## Saved data entries
▬▬▬▬▬▬
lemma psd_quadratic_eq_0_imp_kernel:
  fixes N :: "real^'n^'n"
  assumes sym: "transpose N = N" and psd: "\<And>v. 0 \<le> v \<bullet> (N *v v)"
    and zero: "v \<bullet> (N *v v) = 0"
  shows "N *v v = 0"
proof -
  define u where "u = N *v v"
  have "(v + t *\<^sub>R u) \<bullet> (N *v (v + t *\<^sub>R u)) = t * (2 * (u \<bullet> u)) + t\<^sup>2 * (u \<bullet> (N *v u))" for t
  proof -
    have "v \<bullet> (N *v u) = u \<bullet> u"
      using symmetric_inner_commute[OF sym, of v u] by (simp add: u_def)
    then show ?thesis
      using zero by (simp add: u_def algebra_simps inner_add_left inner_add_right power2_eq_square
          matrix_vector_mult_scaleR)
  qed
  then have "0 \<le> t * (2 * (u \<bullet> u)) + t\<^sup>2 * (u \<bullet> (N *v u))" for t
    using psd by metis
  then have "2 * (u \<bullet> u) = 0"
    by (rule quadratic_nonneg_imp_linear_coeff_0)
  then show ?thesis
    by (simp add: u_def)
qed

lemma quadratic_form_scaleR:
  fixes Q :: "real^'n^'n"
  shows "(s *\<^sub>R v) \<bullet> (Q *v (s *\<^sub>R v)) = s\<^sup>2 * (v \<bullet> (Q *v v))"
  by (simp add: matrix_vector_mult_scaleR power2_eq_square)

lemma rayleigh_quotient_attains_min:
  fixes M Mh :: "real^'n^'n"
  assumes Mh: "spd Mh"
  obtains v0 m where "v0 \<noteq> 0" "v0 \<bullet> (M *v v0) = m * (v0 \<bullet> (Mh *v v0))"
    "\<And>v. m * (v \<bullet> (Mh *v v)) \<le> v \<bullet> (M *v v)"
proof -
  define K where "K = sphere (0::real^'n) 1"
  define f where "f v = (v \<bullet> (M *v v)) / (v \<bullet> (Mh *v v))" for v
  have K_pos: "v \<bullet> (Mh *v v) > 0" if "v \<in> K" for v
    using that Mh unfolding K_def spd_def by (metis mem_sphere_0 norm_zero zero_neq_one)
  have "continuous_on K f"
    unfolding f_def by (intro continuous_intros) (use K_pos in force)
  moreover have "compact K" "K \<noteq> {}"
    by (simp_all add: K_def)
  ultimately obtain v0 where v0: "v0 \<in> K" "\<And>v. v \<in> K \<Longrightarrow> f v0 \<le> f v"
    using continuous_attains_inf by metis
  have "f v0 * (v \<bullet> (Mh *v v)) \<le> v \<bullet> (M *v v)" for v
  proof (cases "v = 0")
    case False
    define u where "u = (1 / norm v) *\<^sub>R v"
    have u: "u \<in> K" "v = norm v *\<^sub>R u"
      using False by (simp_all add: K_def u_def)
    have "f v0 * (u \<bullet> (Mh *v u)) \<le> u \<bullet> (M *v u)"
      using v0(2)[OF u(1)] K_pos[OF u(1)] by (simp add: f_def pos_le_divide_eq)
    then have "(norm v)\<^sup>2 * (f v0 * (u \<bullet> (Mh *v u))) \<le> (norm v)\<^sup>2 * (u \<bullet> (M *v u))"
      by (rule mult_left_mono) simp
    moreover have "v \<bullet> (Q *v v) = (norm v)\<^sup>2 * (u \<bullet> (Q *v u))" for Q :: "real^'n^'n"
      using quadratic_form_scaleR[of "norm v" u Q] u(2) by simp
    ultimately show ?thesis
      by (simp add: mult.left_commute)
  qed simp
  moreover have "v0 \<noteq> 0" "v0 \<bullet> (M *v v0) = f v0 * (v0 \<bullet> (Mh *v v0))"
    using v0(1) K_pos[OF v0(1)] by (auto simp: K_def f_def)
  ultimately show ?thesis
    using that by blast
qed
▬▬▬▬▬▬
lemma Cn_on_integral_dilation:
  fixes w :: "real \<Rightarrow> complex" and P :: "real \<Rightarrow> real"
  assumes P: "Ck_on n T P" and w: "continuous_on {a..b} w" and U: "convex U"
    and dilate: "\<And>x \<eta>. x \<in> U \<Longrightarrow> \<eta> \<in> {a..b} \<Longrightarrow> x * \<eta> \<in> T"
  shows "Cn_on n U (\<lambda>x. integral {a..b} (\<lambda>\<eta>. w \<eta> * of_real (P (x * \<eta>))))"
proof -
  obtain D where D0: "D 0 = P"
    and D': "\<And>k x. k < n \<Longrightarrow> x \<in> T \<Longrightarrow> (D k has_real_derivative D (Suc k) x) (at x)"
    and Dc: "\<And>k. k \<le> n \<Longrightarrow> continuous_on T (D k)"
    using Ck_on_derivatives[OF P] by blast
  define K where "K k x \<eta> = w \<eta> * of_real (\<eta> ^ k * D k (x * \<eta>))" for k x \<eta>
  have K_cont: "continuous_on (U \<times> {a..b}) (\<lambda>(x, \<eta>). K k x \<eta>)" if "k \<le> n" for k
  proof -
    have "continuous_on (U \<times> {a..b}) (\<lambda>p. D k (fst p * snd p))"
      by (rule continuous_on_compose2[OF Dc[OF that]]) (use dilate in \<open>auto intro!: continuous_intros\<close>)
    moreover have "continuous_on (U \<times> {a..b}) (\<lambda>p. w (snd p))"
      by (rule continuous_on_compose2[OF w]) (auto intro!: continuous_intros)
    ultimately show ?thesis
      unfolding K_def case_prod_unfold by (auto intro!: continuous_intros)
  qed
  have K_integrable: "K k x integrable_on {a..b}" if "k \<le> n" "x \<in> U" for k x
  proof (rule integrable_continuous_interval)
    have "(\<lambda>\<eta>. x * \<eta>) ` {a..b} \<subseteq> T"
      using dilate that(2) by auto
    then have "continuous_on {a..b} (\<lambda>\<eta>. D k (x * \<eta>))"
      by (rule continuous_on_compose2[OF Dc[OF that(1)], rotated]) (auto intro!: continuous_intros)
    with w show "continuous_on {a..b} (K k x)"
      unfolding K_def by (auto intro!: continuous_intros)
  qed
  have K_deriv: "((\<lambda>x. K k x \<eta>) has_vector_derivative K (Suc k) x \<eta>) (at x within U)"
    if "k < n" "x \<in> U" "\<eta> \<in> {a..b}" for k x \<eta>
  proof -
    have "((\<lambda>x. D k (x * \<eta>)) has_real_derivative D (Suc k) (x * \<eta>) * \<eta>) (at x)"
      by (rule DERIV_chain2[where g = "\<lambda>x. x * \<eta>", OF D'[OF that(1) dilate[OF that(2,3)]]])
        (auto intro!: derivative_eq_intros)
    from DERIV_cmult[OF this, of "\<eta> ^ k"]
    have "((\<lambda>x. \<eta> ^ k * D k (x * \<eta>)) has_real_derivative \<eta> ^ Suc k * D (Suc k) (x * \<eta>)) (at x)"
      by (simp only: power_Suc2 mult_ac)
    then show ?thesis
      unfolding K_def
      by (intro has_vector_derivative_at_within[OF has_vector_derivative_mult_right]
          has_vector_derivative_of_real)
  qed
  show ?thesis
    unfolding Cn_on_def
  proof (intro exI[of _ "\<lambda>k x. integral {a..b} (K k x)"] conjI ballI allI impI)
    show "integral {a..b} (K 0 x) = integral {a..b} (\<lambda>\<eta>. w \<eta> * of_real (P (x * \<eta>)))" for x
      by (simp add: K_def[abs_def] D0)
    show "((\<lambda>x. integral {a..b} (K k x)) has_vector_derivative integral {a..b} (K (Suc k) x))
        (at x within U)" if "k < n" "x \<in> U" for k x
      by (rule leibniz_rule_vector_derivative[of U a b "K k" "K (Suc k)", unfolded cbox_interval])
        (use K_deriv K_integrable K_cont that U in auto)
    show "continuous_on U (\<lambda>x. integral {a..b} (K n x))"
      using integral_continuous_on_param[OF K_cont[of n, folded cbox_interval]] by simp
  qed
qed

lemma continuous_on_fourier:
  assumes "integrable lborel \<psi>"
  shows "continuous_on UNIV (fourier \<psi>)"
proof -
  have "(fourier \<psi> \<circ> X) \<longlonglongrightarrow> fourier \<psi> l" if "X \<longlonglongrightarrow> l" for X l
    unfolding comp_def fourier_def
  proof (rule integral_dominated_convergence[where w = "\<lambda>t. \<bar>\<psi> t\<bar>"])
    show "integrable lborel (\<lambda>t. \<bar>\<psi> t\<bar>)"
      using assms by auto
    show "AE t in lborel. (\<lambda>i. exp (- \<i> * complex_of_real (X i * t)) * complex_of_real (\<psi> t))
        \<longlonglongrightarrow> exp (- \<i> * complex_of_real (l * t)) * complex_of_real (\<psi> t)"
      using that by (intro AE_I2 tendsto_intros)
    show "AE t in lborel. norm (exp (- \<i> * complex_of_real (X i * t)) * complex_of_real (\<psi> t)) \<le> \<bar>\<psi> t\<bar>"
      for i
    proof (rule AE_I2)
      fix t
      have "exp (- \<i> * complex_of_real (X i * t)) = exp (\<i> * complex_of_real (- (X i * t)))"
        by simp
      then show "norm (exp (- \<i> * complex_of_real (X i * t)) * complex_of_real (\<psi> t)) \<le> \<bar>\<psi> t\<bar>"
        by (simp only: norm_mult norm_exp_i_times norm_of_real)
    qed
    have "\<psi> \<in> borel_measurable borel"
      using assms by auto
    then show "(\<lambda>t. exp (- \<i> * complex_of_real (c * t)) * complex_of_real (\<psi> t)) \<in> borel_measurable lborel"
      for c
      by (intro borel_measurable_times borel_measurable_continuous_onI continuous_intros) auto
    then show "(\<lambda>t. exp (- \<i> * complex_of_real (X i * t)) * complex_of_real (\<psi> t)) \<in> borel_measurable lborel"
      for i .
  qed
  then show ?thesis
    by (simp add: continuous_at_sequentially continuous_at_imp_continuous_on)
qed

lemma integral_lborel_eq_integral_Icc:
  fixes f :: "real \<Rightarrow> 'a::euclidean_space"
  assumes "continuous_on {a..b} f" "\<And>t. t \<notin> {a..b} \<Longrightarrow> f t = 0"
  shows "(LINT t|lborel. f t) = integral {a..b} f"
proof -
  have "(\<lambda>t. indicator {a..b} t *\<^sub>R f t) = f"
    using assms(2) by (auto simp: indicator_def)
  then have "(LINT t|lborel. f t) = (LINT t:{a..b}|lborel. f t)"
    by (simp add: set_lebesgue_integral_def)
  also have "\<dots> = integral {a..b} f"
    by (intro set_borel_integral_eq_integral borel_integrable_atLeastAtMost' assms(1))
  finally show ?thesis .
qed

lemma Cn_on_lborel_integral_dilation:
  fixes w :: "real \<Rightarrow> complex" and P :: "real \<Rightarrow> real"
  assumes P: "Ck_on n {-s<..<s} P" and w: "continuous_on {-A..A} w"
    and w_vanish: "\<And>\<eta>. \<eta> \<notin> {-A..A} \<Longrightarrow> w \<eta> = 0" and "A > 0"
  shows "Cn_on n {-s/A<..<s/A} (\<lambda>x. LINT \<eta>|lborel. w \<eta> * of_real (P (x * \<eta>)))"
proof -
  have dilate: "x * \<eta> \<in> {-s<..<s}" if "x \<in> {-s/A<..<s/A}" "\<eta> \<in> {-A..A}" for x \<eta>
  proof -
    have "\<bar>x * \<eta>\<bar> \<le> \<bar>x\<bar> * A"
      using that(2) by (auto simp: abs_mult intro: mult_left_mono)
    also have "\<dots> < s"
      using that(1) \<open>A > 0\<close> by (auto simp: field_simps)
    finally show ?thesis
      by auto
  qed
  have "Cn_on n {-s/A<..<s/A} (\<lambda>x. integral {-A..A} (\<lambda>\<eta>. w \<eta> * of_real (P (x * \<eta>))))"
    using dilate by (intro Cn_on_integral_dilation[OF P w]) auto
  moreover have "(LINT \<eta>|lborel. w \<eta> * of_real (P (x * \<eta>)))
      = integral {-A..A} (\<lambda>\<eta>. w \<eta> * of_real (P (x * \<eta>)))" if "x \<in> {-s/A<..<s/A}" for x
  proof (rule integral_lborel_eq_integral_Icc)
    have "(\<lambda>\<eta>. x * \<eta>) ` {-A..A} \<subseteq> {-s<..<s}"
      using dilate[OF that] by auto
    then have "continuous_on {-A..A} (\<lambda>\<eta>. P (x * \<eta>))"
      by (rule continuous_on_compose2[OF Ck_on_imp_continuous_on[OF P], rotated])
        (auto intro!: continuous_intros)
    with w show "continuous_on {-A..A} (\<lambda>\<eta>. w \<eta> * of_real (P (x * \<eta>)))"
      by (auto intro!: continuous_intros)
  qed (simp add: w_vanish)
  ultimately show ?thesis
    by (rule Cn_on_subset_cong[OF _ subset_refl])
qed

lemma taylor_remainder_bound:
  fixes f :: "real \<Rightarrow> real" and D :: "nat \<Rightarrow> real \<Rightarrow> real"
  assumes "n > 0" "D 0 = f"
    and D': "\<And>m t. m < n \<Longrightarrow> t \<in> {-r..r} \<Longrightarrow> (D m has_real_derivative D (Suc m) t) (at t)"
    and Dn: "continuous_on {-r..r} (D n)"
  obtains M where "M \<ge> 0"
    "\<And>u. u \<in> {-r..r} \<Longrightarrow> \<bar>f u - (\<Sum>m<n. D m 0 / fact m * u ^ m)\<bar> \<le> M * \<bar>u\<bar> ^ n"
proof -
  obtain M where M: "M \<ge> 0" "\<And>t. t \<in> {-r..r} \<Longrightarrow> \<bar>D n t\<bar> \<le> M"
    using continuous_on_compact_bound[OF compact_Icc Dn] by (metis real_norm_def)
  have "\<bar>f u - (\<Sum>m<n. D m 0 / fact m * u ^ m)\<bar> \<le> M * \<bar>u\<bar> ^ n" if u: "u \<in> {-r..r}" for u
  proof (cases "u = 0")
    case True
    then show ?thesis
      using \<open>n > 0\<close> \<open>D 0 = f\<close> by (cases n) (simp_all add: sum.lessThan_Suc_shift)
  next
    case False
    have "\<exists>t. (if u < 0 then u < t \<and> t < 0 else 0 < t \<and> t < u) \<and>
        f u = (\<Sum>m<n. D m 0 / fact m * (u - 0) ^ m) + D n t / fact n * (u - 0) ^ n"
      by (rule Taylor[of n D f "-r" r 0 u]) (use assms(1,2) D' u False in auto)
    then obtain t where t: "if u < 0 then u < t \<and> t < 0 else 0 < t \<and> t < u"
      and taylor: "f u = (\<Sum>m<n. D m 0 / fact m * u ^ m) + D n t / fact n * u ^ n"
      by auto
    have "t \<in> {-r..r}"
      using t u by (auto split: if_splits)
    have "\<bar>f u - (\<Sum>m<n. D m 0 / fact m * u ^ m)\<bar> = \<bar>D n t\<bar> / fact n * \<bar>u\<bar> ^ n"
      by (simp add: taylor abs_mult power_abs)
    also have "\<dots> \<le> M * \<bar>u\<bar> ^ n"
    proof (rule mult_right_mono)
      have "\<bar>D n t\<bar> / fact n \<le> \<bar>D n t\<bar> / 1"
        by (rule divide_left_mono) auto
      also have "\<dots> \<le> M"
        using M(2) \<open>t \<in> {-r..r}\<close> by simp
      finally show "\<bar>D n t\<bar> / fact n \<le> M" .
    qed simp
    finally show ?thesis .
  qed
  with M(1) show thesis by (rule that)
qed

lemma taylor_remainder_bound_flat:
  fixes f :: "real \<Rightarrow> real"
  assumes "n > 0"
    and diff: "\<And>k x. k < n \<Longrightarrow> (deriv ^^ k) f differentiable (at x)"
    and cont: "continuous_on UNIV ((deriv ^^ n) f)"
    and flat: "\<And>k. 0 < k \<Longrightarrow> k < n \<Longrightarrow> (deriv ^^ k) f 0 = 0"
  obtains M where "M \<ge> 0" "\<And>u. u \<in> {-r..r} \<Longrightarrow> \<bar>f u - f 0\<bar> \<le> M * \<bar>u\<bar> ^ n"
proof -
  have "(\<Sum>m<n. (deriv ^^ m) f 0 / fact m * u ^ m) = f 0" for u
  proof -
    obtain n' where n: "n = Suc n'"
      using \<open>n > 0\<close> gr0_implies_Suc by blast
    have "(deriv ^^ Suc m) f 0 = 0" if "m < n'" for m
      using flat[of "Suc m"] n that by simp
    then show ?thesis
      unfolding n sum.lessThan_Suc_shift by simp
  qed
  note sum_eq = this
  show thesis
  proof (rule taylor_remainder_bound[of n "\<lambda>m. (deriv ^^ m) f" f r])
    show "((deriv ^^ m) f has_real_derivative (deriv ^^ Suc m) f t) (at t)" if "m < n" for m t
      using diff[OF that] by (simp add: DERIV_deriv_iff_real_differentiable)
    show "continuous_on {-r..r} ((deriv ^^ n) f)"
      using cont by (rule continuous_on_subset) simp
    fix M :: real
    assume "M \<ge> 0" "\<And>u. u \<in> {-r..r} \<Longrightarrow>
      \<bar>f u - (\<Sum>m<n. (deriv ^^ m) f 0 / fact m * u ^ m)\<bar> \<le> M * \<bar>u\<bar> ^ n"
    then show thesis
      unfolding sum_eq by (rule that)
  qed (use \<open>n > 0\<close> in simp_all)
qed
▬▬▬▬▬▬
## Problem details
An exact copy of the lines above, from the one containing "t < u) \<and>" down to the one containing "by (rule Taylor[of" and including both, is the whole answer; retype it and nothing else.

## Result
    have "\<exists>t. (if u < 0 then u < t \<and> t < 0 else 0 < t \<and> t < u) \<and>
        f u = (\<Sum>m<n. D m 0 / fact m * (u - 0) ^ m) + D n t / fact n * (u - 0) ^ n"
      by (rule Taylor[of n D f "-r" r 0 u]) (use assms(1,2) D' u False in auto)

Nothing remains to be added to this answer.